You can verify the successful completion of all steps by running the Android NDK’s CLANG.

When compiling a source code file with the aarch64-linux-android35-clang compiler, an executable file is generated for the ARM64 architecture. The command for compilation can be seen below:

$ aarch64-linux-android35-clang helloworld.c -o helloworld

We can confirm that the generated binary is a 64-bit ELF file for the ARM64 architecture using the readelf command. After executing it, we identified that the binary depends on two dynamic libraries: libdl.so and libc.so, as well as the dynamic linker linker64. These dependencies are essential for the execution of the compiled file and can be obtained through the Qiling Framework.

The Qiling Framework is an open-source binary emulation and instrumentation framework, developed on top of Unicorn, a CPU emulator that is limited to emulating raw instructions without the context of the operating system. While Unicorn handles low-level emulation, the Qiling Framework is responsible for high-level tasks, including support for different executable file formats, dynamic linkers, and system call and input/output handlers. This allows Qiling to execute binaries that typically require a native operating system. Since the Qiling Framework supports ARM64 Android binary files, we can find these dynamic libraries within the project structure. The steps for downloading the project are described below.

$ git clone https://github.com/qilingframework/qiling
$ cd qiling
$ git submodule update --init --recursive

After downloading the Qiling Framework, we can verify the presence of the necessary files for running our application in the directory examples/rootfs/arm64_android/system.

AFL++ (AMERICAN FUZZY LOP PLUS PLUS)

AFL++ is an advanced fuzzer derived from AFL, originally created by Michael Zalewski for code coverage analysis and vulnerability research while at Google. As an enhanced fork of AFL, AFL++ provides higher speed, a wider range of configuration options, more effective mutations, and improved code instrumentation. Additionally, it supports custom modules and other advanced features. An added advantage is its efficient management of crash dumps, making it easier to analyze and triage failures detected during fuzzing.

For more details about AFL++, refer to the official project documentation. Among the various code instrumentation options available, AFL++ includes support for modules like QEMU, Unicorn, and Frida, which are significantly useful for fuzzing native Android components. Below are the steps for compiling AFL++:

$ git clone https://github.com/AFLplusplus/AFLplusplus
$ cd AFLplusplus
$ make distrib

After compiling AFL++ and enabling QEMU support for the ARM64 architecture, you will be ready to start testing with AFL++. During the fuzzing process, it is necessary to instruct AFL++ to force QEMU to ignore the signal handlers registered for the target application. Otherwise, AFL++ will not be able to detect when the application crashes. To do this, you can enable the AFL_QEMU_FORCE_DFL flag (by setting AFL_QEMU_FORCE_DFL=1) before running afl-fuzz, or apply a patch to permanently disable the registered signal handlers. In this article, we chose to apply the patch to ensure that the signal handlers are permanently disabled.

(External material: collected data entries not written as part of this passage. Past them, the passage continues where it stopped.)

(* Let $d$ be a positive integer and let $K \le k \le d$ be non-negative integers. Let $\mathbf{b} \in \mathbb{R}^d$ be an arbitrary vector and let $\mathbf{a} \in \mathbb{R}^d$ be any $K$-sparse vector (i.e. $\mathbf{a}$ has at most $K$ non-zero entries). Define $$\rho = \frac{\min\{K, d-k\}}{k - K + \min\{K, d-k\}}, \qquad \nu = 1 + \frac{\rho + \sqrt{(4+\rho)\rho}}{2}.$$ Then $$\|\mathcal{H}_k(\mathbf{b}) - \mathbf{a}\|_2 \le \sqrt{\nu}\, \|\mathbf{b} - \mathbf{a}\|_2 .$$ Moreover, the bound is tight: there exist vectors $\mathbf{b}$ and $K$-sparse $\mathbf{a}$ for which equality holds.
   Context: For $\mathbf{v} \in \mathbb{R}^d$, the hard thresholding operator $\mathcal{H}_k(\mathbf{v})$ is the vector obtained from $\mathbf{v}$ by keeping its $k$ entries of largest absolute value and setting all other entries to zero (ties broken lexicographically). Thus $\mathcal{H}_k(\mathbf{v})$ is $k$-sparse. *)

theory Defs
  imports Complex_Main
begin

text \<open>Vectors in R^d are represented as functions nat => real; only the
entries with index i < d matter.\<close>

definition l2norm :: "nat \<Rightarrow> (nat \<Rightarrow> real) \<Rightarrow> real" where
  "l2norm d v = sqrt (\<Sum>i<d. (v i)^2)"

definition is_sparse :: "nat \<Rightarrow> nat \<Rightarrow> (nat \<Rightarrow> real) \<Rightarrow> bool" where
  "is_sparse d K a \<longleftrightarrow> card {i. i < d \<and> a i \<noteq> 0} \<le> K"

definition hard_threshold :: "nat \<Rightarrow> nat \<Rightarrow> (nat \<Rightarrow> real) \<Rightarrow> (nat \<Rightarrow> real)" where
  "hard_threshold d k v = (\<lambda>i. if i < d \<and>
       card {j. j < d \<and> (\<bar>v j\<bar> > \<bar>v i\<bar> \<or> (\<bar>v j\<bar> = \<bar>v i\<bar> \<and> j < i))} < k
     then v i else 0)"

The tip on using the AFL_QEMU_FORCE_DFL flag was provided by Andrea Fioraldi, to whom we are grateful for his valuable contribution.

If you choose to apply the patch, you will need to modify the two files below, the procedures for which are detailed below. It is important to note that if you need to debug the target application, the line calling signal_init() must be uncommented. Otherwise, the debugger will not be able to receive the signals emitted during the application’s execution.

1. AFLplusplus/qemu_mode/qemuafl/linux-user/main.c: comment out the call to the signal_init() function. The signal_init() function in QEMU sets up signal handling for user applications, including fatal signals, and defines basic handlers for them. Signal emulation is important to ensure that QEMU simulates and responds correctly to events and interrupts as if the application were running on the operating system of the emulated architecture. The signal emulation and management done by QEMU prevent AFL++ from receiving fatal signals from the harness, making it more difficult to identify crashes for certain inputs.

2. AFLplusplus/qemu_mode/build_qemu_support.sh: comment out all the git commands in the QEMU build script. The script runs commands that may overwrite local modifications, so to ensure that your changes in main.c are not lost, it is essential to comment out these commands before running the script.

After making the changes to these files, we can proceed with compiling the QEMU support using the commands below:

$ sudo apt install ninja-build
$ cd qemu_mode
$ CPU_TARGET=aarch64 ./build_qemu_support.sh

We can test the AFL++ installation by running the command afl-fuzz. The output of the command is described below.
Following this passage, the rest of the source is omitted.